Exercise directions: Gather every line below where "open" appears.

━━━━━ Provided material ━━━━━

definition pos_semidef :: "real^'n^'n \<Rightarrow> bool" where
  "pos_semidef A \<longleftrightarrow> transpose A = A \<and> (\<forall>x. 0 \<le> x \<bullet> (A *v x))"

lemma inner_matrix_vector_mult:
  fixes A :: "real^'n^'m"
  shows "x \<bullet> (A *v y) = (\<Sum>i\<in>UNIV. \<Sum>j\<in>UNIV. x $ i * A $ i $ j * y $ j)"
  by (simp add: inner_vec_def matrix_vector_mult_def sum_distrib_left mult.assoc)

lemma det_le_trace_power:
  fixes A :: "real^'n^'n"
  assumes "pos_semidef A"
  shows "Determinants.det A \<le> (trace A / CARD('n)) ^ CARD('n)"
proof -
  let ?n = "CARD('n)"
  obtain h where h: "bij_betw h {0..<?n} (UNIV :: 'n set)"
    using ex_bij_betw_nat_finite[of "UNIV :: 'n set"] by auto
  have inj: "inj_on h {0..<?n}" using h by (auto simp: bij_betw_def)
  have reindex: "(\<Sum>i = 0..<?n. g (h i)) = (\<Sum>k\<in>UNIV. g k)" for g :: "'n \<Rightarrow> real"
    by (rule sum.reindex_bij_betw[OF h])
  let ?M = "mat_of_cart h A"
  have "?M \<in> carrier_mat ?n ?n" by (simp add: mat_of_cart_def)
  moreover have "?M $$ (i, j) = ?M $$ (j, i)" if "i < ?n" "j < ?n" for i j
  proof -
    have "A $ a $ b = transpose A $ b $ a" for a b
      by (simp add: transpose_def)
    then show ?thesis
      using assms that by (simp add: pos_semidef_def mat_of_cart_def)
  qed
  moreover have "0 \<le> (\<Sum>i = 0..<?n. \<Sum>j = 0..<?n. x i * ?M $$ (i, j) * x j)" for x
  proof -
    define z :: "real^'n" where "z = (\<chi> k. x (inv_into {0..<?n} h k))"
    have "(\<Sum>i = 0..<?n. \<Sum>j = 0..<?n. x i * ?M $$ (i, j) * x j)
        = (\<Sum>i = 0..<?n. \<Sum>j = 0..<?n. z $ h i * A $ h i $ h j * z $ h j)"
      using inj by (auto simp: z_def mat_of_cart_def intro!: sum.cong)
    also have "\<dots> = z \<bullet> (A *v z)"
      unfolding inner_matrix_vector_mult by (simp only: reindex[symmetric])
    finally show ?thesis using assms by (simp add: pos_semidef_def)
  qed
  ultimately have "Determinant.det ?M \<le> (mat_trace ?M / ?n) ^ ?n"
    by (rule det_le_mat_trace_power)
  then show ?thesis
    by (simp add: det_mat_of_cart[OF h] mat_trace_mat_of_cart[OF h])
qed

lemma transpose_add: "transpose (A + B) = transpose A + transpose (B :: 'a::semiring_1^'n^'m)"
  by (simp add: transpose_def Finite_Cartesian_Product.vec_eq_iff)

lemma pos_semidef_add:
  assumes "pos_semidef A" and "pos_semidef B"
  shows "pos_semidef (A + B)"
  using assms by (simp add: pos_semidef_def transpose_add matrix_vector_mult_add_rdistrib
      inner_add_right)

lemma pos_semidef_scaleR_mat_1:
  assumes "0 \<le> c"
  shows "pos_semidef (c *\<^sub>R Finite_Cartesian_Product.mat 1 :: real^'n^'n)"
  using assms by (simp add: pos_semidef_def transpose_scalar flip: scaleR_matrix_vector_assoc)

lemma pos_semidef_trace_nonneg:
  assumes "pos_semidef A"
  shows "0 \<le> trace A"
proof -
  have "A $ i $ i = axis i 1 \<bullet> (A *v axis i 1)" for i
    by (simp add: inner_axis' matrix_vector_mult_basis column_def)
  then show ?thesis
    using assms by (simp add: trace_def pos_semidef_def sum_nonneg)
qed

section \<open>Hessian of the multinomial log-loss\<close>

lemma square_weighted_mean_le:
  fixes p a :: "'s \<Rightarrow> real"
  assumes "\<And>s. s \<in> A \<Longrightarrow> 0 \<le> p s" and "(\<Sum>s\<in>A. p s) = 1"
  shows "(\<Sum>s\<in>A. p s * a s)\<^sup>2 \<le> (\<Sum>s\<in>A. p s * (a s)\<^sup>2)"
proof -
  define m where "m = (\<Sum>s\<in>A. p s * a s)"
  have "0 \<le> (\<Sum>s\<in>A. p s * (a s - m)\<^sup>2)"
    using assms by (intro sum_nonneg) auto
  also have "\<dots> = (\<Sum>s\<in>A. p s * (a s)\<^sup>2) - 2 * m * (\<Sum>s\<in>A. p s * a s) + m\<^sup>2 * (\<Sum>s\<in>A. p s)"
    by (simp add: power2_diff sum.distrib sum_subtractf sum_distrib_left sum_distrib_right algebra_simps)
  finally show ?thesis
    using assms(2) by (simp add: m_def power2_eq_square)
qed

lemma mnl_hess_component:
  "mnl_hess A p phi $ i $ j = (\<Sum>s\<in>A. p s * phi s $ i * phi s $ j)
     - (\<Sum>s\<in>A. p s * phi s $ i) * (\<Sum>s\<in>A. p s * phi s $ j)"
  by (simp add: mnl_hess_def sum_product ac_simps)

lemma inner_mnl_hess:
  "x \<bullet> (mnl_hess A p phi *v x)
     = (\<Sum>s\<in>A. p s * (x \<bullet> phi s)\<^sup>2) - (\<Sum>s\<in>A. p s * (x \<bullet> phi s))\<^sup>2"
proof -
  have "(\<Sum>i\<in>UNIV. \<Sum>j\<in>UNIV. x $ i * (\<Sum>s\<in>A. p s * phi s $ i * phi s $ j) * x $ j)
      = (\<Sum>s\<in>A. \<Sum>i\<in>UNIV. \<Sum>j\<in>UNIV. p s * (x $ i * phi s $ i) * (x $ j * phi s $ j))"
    by (simp add: sum_distrib_left sum_distrib_right sum.swap[of _ A] ac_simps)
  also have "\<dots> = (\<Sum>s\<in>A. p s * (x \<bullet> phi s)\<^sup>2)"
    by (simp add: inner_vec_def power2_eq_square sum_distrib_left sum_distrib_right ac_simps)
  finally have sq: "(\<Sum>i\<in>UNIV. \<Sum>j\<in>UNIV. x $ i * (\<Sum>s\<in>A. p s * phi s $ i * phi s $ j) * x $ j)
      = (\<Sum>s\<in>A. p s * (x \<bullet> phi s)\<^sup>2)" .
  have "(\<Sum>s\<in>A. p s * (x \<bullet> phi s)) = (\<Sum>i\<in>UNIV. x $ i * (\<Sum>s\<in>A. p s * phi s $ i))"
    by (simp add: inner_vec_def sum_distrib_left sum.swap[of _ A] ac_simps)
  then have mean: "(\<Sum>i\<in>UNIV. \<Sum>j\<in>UNIV. x $ i * ((\<Sum>s\<in>A. p s * phi s $ i) * (\<Sum>s\<in>A. p s * phi s $ j)) * x $ j)
      = (\<Sum>s\<in>A. p s * (x \<bullet> phi s))\<^sup>2"
    by (simp add: power2_eq_square sum_distrib_left sum_distrib_right ac_simps)
  show ?thesis
    by (simp add: inner_matrix_vector_mult mnl_hess_component right_diff_distrib left_diff_distrib
        sum_subtractf flip: sq mean)
qed

lemma transpose_mnl_hess: "transpose (mnl_hess A p phi) = mnl_hess A p phi"
  by (simp add: transpose_def Finite_Cartesian_Product.vec_eq_iff mnl_hess_component mult_ac)

lemma pos_semidef_mnl_hess:
  assumes "\<And>s. s \<in> A \<Longrightarrow> 0 \<le> p s" and "(\<Sum>s\<in>A. p s) = 1"
  shows "pos_semidef (mnl_hess A p phi)"
  using square_weighted_mean_le[OF assms]
  by (simp add: pos_semidef_def transpose_mnl_hess inner_mnl_hess)

lemma trace_mnl_hess_le:
  assumes "\<And>s. s \<in> A \<Longrightarrow> 0 \<le> p s" and "(\<Sum>s\<in>A. p s) = 1"
    and "\<And>s. s \<in> A \<Longrightarrow> norm (phi s) \<le> L"
  shows "trace (mnl_hess A p phi) \<le> L\<^sup>2"
proof -
  have "trace (mnl_hess A p phi) \<le> (\<Sum>i\<in>UNIV. \<Sum>s\<in>A. p s * (phi s $ i * phi s $ i))"
    unfolding trace_def mnl_hess_component by (intro sum_mono) (simp add: mult.assoc)
  also have "\<dots> = (\<Sum>s\<in>A. p s * (norm (phi s))\<^sup>2)"
    by (simp add: sum.swap[of _ UNIV] sum_distrib_left power2_norm_eq_inner inner_vec_def)
  also have "\<dots> \<le> (\<Sum>s\<in>A. p s * L\<^sup>2)"
    using assms by (intro sum_mono mult_left_mono power_mono) auto
  also have "\<dots> = L\<^sup>2"
    using assms(2) by (simp flip: sum_distrib_right)
  finally show ?thesis .
qed

section \<open>Gram matrices and episodes\<close>

lemma ucm_sigma_Suc: "1 \<le> t \<Longrightarrow> ucm_sigma lam H (Suc t) = ucm_sigma lam H t + H t"
  by (cases t) auto

lemma pos_semidef_ucm_sigma:
  assumes "0 \<le> lam" and "\<And>s. 1 \<le> s \<Longrightarrow> pos_semidef (H s)" and "1 \<le> t"
  shows "pos_semidef (ucm_sigma lam H t)"
  using \<open>1 \<le> t\<close>
proof (induction t rule: nat_induct_at_least)
  case base
  then show ?case using pos_semidef_scaleR_mat_1[OF \<open>0 \<le> lam\<close>] by simp
next
  case (Suc t)
  then show ?case using assms(2) by (simp add: ucm_sigma_Suc pos_semidef_add)
qed

lemma trace_ucm_sigma_le:
  fixes H :: "nat \<Rightarrow> real^'n^'n" and lam c :: real
  assumes "\<And>s. 1 \<le> s \<Longrightarrow> trace (H s) \<le> c" and "1 \<le> t"
  shows "trace (ucm_sigma lam H t) \<le> CARD('n) * lam + (real t - 1) * c"
  using \<open>1 \<le> t\<close>
proof (induction t rule: nat_induct_at_least)
  case base
  then show ?case by (simp add: trace_def Finite_Cartesian_Product.mat_def)
next
  case (Suc t)
  then show ?case using assms(1)[of t] by (simp add: ucm_sigma_Suc trace_add algebra_simps)
qed

lemma det_ucm_sigma_le:
  fixes H :: "nat \<Rightarrow> real^'n^'n" and lam c :: real
  assumes "0 \<le> lam" and "\<And>s. 1 \<le> s \<Longrightarrow> pos_semidef (H s)"
    and "\<And>s. 1 \<le> s \<Longrightarrow> trace (H s) \<le> c" and "1 \<le> t"
  shows "Determinants.det (ucm_sigma lam H t) \<le> (lam + (real t - 1) * c / CARD('n)) ^ CARD('n)"
proof -
  have psd: "pos_semidef (ucm_sigma lam H t)"
    using assms by (intro pos_semidef_ucm_sigma)
  have "trace (ucm_sigma lam H t) / CARD('n) \<le> (CARD('n) * lam + (real t - 1) * c) / CARD('n)"
    using trace_ucm_sigma_le[OF assms(3,4)] by (simp add: divide_right_mono)
  also have "\<dots> = lam + (real t - 1) * c / CARD('n)"
    by (simp add: field_simps)
  finally have "(trace (ucm_sigma lam H t) / CARD('n)) ^ CARD('n)
      \<le> (lam + (real t - 1) * c / CARD('n)) ^ CARD('n)"
    using pos_semidef_trace_nonneg[OF psd] by (intro power_mono) auto
  with det_le_trace_power[OF psd] show ?thesis by linarith
qed

lemma ep_start_Suc:
  "1 \<le> t \<Longrightarrow> ep_start S (Suc t) =
     (if 2 * Determinants.det (S (ep_start S t)) < Determinants.det (S (Suc t)) then Suc t
      else ep_start S t)"
  by (cases t) auto

lemma ep_start_bounds: "1 \<le> t \<Longrightarrow> 1 \<le> ep_start S t \<and> ep_start S t \<le> t"
  by (induction t rule: nat_induct_at_least) (auto simp: ep_start_Suc)

lemma num_episodes_Suc:
  "num_episodes S (Suc t) =
     (if ep_start S (Suc t) = Suc t then Suc (num_episodes S t) else num_episodes S t)"
proof -
  have "{u \<in> {1..Suc t}. ep_start S u = u} = (if ep_start S (Suc t) = Suc t
      then insert (Suc t) {u \<in> {1..t}. ep_start S u = u} else {u \<in> {1..t}. ep_start S u = u})"
    by (auto simp: le_Suc_eq)
  then show ?thesis by (simp add: num_episodes_def)
qed

lemma det_ep_start_ge:
  "1 \<le> t \<Longrightarrow>
    2 ^ num_episodes S t * Determinants.det (S 1) \<le> 2 * Determinants.det (S (ep_start S t))"
proof (induction t rule: nat_induct_at_least)
  case base
  have "{u \<in> {1..1}. ep_start S u = u} = {1}" by auto
  then show ?case by (simp add: num_episodes_def)
next
  case (Suc t)
  then show ?case
    using ep_start_bounds[OF Suc.hyps, of S] by (auto simp: ep_start_Suc num_episodes_Suc)
qed
(* Let $q$ be a prime and let $C\subseteq GF(q)^n$ be an affine subspace (affine code) such that $C\subseteq\mathcal{A}_{i_1}\cup\dots\cup\mathcal{A}_{i_k}$ for some weights $i_1,\dots,i_k$. Then $|C|\le q^n/L(n,q,i_1,\dots,i_k)$.
   Context: The weight ${\rm wt}(x)$ of $x\in GF(q)^n$ is the number of nonzero coordinates, and $\mathcal{A}_i=\{x\in GF(q)^n:{\rm wt}(x)=i\}$. For $f:GF(q)^n\to\mathbb{C}$ the Fourier transform is $\widehat{f}(z)=q^{-n/2}\sum_{x}f(x)\,\omega^{(x,z)}$ with $\omega=e^{2\pi i/q}$ and $(x,z)=\sum_i x_iz_i$ (computed in $\mathbb{Z}_q$). The support of a function is the set of arguments where it is nonzero. $L(n,q,i_1,\dots,i_k)$ is the minimum of $|{\rm supp}(f)|$ over all functions $f:GF(q)^n\to\mathbb{C}$, not identically zero, with ${\rm supp}(\widehat{f})\subseteq\mathcal{A}_{i_1}\cup\dots\cup\mathcal{A}_{i_k}$. *)

theory Defs
  imports Complex_Main "HOL-Computational_Algebra.Primes"
begin

text \<open>GF(q)^n for prime q: vectors x :: nat => int with entries in {0..q-1}
  at coordinates i < n and 0 elsewhere (canonical representatives).\<close>
definition gfspace :: "nat \<Rightarrow> nat \<Rightarrow> (nat \<Rightarrow> int) set" where
  "gfspace n q = {x. (\<forall>i<n. 0 \<le> x i \<and> x i < int q) \<and> (\<forall>i\<ge>n. x i = 0)}"

definition wt :: "nat \<Rightarrow> (nat \<Rightarrow> int) \<Rightarrow> nat" where
  "wt n x = card {i. i < n \<and> x i \<noteq> 0}"

definition ip :: "nat \<Rightarrow> nat \<Rightarrow> (nat \<Rightarrow> int) \<Rightarrow> (nat \<Rightarrow> int) \<Rightarrow> int" where
  "ip n q x z = (\<Sum>i<n. x i * z i) mod int q"

definition omega_pow :: "nat \<Rightarrow> int \<Rightarrow> complex" where
  "omega_pow q k = exp (2 * pi * \<i> * of_int k / of_nat q)"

━━━━━

Your solution:
section \<open>Hessian of the multinomial log-loss\<close>
section \<open>Gram matrices and episodes\<close>
  using \<open>1 \<le> t\<close>
  then show ?case using pos_semidef_scaleR_mat_1[OF \<open>0 \<le> lam\<close>] by simp
  using \<open>1 \<le> t\<close>
text \<open>GF(q)^n for prime q: vectors x :: nat => int with entries in {0..q-1}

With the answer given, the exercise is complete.